# Stored data:
* * * * *
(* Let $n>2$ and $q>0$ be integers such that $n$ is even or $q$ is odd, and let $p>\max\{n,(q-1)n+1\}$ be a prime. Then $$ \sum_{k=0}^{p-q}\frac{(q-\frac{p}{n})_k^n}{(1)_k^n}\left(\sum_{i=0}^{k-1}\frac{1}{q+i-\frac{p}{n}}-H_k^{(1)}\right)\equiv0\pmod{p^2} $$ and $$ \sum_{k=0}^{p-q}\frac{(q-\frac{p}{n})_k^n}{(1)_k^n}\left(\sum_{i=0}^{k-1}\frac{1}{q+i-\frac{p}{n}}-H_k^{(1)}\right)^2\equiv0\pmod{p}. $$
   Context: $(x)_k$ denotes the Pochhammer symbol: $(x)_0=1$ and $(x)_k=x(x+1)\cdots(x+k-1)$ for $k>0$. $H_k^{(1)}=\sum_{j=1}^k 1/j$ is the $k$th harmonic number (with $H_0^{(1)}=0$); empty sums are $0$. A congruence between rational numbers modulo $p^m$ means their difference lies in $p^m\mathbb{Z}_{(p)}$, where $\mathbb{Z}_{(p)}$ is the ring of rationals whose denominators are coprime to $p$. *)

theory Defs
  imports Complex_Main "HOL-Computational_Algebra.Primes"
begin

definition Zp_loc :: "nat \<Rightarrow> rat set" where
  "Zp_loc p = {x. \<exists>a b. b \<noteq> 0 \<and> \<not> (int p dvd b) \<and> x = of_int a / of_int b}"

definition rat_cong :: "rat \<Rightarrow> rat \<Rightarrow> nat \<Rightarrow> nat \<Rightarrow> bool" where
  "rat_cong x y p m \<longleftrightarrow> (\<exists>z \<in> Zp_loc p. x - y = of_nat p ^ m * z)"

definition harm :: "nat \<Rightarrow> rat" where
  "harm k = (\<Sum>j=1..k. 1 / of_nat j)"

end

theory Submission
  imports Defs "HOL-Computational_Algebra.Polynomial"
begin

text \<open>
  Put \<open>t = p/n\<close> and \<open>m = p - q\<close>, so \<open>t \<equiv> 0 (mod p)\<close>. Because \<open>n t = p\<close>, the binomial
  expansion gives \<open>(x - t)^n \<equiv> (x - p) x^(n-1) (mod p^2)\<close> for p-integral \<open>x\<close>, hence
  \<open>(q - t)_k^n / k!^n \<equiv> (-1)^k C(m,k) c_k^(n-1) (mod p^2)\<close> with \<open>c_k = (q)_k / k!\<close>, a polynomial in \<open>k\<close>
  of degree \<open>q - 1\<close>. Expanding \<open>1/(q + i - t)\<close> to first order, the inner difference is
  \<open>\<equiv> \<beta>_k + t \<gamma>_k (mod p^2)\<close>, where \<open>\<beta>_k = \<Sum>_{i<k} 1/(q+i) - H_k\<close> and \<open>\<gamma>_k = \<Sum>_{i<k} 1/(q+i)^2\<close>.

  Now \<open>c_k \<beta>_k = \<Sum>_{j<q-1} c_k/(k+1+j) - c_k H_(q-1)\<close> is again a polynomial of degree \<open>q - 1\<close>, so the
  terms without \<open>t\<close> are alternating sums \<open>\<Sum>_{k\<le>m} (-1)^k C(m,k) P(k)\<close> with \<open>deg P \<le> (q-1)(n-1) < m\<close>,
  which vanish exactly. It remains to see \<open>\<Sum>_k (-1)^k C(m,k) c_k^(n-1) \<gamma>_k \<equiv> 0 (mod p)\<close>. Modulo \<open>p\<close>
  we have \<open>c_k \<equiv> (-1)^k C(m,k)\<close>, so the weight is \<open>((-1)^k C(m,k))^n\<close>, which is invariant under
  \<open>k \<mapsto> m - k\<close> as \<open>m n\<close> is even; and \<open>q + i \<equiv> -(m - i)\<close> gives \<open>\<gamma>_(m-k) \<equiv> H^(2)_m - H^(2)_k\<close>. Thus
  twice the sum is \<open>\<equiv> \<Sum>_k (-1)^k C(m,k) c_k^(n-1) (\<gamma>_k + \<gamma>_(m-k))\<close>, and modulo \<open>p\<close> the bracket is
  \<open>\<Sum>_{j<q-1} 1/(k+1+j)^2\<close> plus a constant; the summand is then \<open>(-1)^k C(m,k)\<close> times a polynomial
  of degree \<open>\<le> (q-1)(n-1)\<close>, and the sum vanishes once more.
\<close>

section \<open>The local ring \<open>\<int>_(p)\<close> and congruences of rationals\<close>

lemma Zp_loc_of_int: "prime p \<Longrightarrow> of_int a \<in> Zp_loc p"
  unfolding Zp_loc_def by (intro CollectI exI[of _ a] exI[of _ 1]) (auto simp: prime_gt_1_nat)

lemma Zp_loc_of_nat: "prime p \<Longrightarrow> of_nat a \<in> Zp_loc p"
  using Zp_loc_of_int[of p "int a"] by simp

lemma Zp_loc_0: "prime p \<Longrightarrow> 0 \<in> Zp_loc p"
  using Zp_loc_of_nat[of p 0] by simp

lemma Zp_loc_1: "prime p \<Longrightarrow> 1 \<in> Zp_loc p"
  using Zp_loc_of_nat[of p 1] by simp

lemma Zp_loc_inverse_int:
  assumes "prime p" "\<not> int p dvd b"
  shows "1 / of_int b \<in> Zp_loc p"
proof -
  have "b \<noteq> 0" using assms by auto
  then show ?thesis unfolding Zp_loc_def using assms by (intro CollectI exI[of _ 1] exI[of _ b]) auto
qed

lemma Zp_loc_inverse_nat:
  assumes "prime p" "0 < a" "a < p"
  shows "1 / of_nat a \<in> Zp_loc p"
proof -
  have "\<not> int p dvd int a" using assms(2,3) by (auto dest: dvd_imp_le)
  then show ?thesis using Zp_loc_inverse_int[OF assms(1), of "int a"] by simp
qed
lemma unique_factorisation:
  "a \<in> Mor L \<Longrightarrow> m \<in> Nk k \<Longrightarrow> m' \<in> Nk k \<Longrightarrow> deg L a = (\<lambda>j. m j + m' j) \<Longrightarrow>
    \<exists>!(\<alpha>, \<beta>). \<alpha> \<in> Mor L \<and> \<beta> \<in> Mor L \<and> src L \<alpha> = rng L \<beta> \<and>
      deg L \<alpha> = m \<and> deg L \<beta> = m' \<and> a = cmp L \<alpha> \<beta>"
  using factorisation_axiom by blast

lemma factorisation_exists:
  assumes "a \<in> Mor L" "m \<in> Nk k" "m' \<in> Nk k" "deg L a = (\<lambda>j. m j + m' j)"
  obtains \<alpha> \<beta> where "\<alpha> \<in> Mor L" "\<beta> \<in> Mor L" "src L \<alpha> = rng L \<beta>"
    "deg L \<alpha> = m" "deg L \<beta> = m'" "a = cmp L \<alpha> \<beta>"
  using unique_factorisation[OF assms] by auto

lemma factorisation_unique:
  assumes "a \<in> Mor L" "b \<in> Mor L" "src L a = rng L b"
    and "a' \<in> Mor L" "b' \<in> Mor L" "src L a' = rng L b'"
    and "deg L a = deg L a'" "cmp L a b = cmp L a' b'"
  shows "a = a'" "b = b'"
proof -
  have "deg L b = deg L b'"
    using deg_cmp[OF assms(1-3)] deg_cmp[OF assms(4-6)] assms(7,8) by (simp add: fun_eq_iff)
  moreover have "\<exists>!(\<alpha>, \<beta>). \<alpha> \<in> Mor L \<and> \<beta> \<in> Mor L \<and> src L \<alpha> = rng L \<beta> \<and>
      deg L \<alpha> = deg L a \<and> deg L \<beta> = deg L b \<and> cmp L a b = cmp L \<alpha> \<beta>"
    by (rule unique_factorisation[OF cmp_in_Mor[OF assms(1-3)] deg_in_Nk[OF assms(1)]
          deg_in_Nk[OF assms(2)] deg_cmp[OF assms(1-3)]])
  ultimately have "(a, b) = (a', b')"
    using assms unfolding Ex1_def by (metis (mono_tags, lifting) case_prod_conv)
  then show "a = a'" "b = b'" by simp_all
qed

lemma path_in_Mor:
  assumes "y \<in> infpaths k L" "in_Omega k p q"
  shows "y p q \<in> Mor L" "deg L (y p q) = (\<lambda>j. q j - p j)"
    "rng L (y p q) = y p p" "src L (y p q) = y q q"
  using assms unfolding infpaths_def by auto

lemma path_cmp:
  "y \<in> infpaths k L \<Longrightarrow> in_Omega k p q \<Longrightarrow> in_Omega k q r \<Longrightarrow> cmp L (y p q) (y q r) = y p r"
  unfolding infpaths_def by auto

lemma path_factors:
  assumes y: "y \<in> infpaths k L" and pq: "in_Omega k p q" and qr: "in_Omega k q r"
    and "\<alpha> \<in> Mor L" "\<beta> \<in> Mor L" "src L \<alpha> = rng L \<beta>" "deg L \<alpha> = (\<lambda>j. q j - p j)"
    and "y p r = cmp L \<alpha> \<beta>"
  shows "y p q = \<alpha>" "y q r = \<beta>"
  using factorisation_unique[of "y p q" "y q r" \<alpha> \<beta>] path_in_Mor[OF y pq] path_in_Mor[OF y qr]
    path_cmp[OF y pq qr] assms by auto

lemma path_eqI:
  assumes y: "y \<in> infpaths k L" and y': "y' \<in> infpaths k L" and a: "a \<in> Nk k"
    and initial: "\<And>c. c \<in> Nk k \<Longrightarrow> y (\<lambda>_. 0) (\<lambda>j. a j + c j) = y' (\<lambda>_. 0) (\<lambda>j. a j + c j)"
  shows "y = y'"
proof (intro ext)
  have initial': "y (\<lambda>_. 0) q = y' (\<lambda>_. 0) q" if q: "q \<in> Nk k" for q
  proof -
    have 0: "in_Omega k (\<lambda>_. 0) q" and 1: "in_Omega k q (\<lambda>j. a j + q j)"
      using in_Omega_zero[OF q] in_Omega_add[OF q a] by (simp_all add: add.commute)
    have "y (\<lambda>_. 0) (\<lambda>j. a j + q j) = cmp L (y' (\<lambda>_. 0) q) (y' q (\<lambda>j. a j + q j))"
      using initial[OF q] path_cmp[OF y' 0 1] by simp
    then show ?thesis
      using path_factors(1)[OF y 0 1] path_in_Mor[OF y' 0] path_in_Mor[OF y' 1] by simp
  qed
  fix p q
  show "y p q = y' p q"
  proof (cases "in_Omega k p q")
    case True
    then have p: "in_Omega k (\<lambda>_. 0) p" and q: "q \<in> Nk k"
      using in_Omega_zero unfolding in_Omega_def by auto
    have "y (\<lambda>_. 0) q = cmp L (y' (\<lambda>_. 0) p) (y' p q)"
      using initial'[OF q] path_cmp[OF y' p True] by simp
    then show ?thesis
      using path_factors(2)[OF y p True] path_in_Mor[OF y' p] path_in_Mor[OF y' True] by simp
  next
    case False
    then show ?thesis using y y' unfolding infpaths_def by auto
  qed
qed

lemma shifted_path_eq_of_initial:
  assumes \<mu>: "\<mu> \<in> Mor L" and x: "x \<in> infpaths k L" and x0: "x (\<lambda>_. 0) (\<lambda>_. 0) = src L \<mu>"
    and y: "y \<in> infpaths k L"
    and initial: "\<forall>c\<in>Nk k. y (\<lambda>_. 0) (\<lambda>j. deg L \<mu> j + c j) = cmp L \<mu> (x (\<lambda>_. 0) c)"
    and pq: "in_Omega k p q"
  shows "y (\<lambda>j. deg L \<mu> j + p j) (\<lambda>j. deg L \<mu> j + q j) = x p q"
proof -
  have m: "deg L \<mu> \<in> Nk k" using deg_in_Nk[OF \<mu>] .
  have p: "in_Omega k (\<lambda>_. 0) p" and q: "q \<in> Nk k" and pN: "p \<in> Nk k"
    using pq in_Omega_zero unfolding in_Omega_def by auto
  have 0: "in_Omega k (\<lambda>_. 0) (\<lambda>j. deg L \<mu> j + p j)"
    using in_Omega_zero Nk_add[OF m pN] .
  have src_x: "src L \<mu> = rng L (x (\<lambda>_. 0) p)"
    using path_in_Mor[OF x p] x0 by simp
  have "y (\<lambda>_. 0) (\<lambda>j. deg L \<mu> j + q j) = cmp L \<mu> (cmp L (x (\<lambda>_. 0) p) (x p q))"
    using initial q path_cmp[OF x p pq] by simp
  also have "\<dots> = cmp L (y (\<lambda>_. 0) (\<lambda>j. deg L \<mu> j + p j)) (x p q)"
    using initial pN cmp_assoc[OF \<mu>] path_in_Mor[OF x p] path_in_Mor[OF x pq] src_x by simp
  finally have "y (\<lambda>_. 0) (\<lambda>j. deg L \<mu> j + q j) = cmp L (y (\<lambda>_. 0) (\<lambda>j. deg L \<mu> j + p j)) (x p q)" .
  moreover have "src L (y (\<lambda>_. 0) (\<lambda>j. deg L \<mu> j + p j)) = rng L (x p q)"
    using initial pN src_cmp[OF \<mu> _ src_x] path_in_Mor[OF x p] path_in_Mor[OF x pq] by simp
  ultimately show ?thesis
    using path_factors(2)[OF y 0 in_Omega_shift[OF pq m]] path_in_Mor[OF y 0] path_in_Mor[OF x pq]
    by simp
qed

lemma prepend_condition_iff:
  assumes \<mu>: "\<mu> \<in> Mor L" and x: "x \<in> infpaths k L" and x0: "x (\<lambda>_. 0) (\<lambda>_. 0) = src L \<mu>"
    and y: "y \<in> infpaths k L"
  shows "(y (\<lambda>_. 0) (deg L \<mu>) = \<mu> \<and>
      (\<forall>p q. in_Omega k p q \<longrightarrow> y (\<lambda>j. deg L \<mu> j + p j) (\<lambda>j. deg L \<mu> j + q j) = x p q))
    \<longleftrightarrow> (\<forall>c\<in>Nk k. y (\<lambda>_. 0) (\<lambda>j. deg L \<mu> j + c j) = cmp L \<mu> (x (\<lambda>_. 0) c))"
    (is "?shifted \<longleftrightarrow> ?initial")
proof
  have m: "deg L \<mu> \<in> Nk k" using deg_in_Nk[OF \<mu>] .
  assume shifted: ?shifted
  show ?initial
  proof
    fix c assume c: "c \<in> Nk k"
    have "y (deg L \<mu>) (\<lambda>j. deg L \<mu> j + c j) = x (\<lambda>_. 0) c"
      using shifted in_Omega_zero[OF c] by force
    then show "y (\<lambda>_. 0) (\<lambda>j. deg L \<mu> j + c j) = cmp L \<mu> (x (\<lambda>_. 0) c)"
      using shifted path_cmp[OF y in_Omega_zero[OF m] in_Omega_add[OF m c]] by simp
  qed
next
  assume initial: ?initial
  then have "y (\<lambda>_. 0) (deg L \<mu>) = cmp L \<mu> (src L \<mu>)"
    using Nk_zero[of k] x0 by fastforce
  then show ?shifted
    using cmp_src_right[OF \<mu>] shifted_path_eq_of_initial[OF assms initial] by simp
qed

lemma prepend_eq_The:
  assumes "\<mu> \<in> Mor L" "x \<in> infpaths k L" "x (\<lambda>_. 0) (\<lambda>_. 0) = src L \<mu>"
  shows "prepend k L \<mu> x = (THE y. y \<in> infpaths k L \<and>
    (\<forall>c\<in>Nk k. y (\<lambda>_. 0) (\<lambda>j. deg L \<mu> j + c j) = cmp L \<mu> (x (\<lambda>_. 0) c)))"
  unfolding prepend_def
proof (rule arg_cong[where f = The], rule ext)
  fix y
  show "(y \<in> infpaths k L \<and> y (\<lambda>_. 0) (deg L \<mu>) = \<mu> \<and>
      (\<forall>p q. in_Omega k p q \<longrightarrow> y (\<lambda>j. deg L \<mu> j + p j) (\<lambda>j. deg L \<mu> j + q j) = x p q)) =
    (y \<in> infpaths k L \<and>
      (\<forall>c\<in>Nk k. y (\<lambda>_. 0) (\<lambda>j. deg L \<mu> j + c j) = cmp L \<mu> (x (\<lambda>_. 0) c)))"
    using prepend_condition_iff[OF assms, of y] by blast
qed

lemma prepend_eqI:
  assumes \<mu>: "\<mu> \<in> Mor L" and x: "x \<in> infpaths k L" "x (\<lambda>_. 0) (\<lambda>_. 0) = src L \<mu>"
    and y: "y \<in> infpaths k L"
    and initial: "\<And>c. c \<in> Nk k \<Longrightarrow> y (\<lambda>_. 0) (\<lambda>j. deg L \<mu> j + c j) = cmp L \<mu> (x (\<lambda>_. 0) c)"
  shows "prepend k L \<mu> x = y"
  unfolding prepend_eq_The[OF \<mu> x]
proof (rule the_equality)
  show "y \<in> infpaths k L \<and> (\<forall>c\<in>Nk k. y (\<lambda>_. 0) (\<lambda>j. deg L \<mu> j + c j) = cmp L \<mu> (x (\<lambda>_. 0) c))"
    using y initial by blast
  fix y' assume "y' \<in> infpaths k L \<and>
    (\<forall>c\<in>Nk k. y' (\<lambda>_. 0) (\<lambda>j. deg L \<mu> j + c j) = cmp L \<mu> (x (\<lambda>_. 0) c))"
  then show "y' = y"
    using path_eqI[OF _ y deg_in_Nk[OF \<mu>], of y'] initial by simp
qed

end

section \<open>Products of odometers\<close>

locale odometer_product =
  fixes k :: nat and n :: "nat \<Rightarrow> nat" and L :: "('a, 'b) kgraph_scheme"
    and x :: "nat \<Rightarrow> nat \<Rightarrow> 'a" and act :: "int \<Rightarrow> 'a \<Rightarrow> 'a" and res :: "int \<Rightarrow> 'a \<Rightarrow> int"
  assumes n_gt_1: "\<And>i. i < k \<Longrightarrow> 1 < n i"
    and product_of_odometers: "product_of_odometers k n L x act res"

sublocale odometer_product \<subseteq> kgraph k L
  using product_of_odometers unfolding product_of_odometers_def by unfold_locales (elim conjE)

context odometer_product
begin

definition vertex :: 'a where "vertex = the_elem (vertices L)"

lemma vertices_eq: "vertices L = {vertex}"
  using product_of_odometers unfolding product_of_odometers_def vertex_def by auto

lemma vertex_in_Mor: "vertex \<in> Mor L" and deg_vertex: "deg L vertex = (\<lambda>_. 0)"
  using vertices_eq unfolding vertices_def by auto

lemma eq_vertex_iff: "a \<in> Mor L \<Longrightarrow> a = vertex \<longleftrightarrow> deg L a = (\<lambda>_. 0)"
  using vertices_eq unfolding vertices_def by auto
* * * * *
# INSTRUCTIONS TO FOLLOW:
The lines to return are those with the string "where" in them; copy each from the entries above.

# SOLUTION TO THIS TASK:
   Context: $(x)_k$ denotes the Pochhammer symbol: $(x)_0=1$ and $(x)_k=x(x+1)\cdots(x+k-1)$ for $k>0$. $H_k^{(1)}=\sum_{j=1}^k 1/j$ is the $k$th harmonic number (with $H_0^{(1)}=0$); empty sums are $0$. A congruence between rational numbers modulo $p^m$ means their difference lies in $p^m\mathbb{Z}_{(p)}$, where $\mathbb{Z}_{(p)}$ is the ring of rationals whose denominators are coprime to $p$. *)
definition Zp_loc :: "nat \<Rightarrow> rat set" where
definition rat_cong :: "rat \<Rightarrow> rat \<Rightarrow> nat \<Rightarrow> nat \<Rightarrow> bool" where
definition harm :: "nat \<Rightarrow> rat" where
  \<open>\<equiv> \<beta>_k + t \<gamma>_k (mod p^2)\<close>, where \<open>\<beta>_k = \<Sum>_{i<k} 1/(q+i) - H_k\<close> and \<open>\<gamma>_k = \<Sum>_{i<k} 1/(q+i)^2\<close>.
  obtains \<alpha> \<beta> where "\<alpha> \<in> Mor L" "\<beta> \<in> Mor L" "src L \<alpha> = rng L \<beta>"
proof (rule arg_cong[where f = The], rule ext)
definition vertex :: 'a where "vertex = the_elem (vertices L)"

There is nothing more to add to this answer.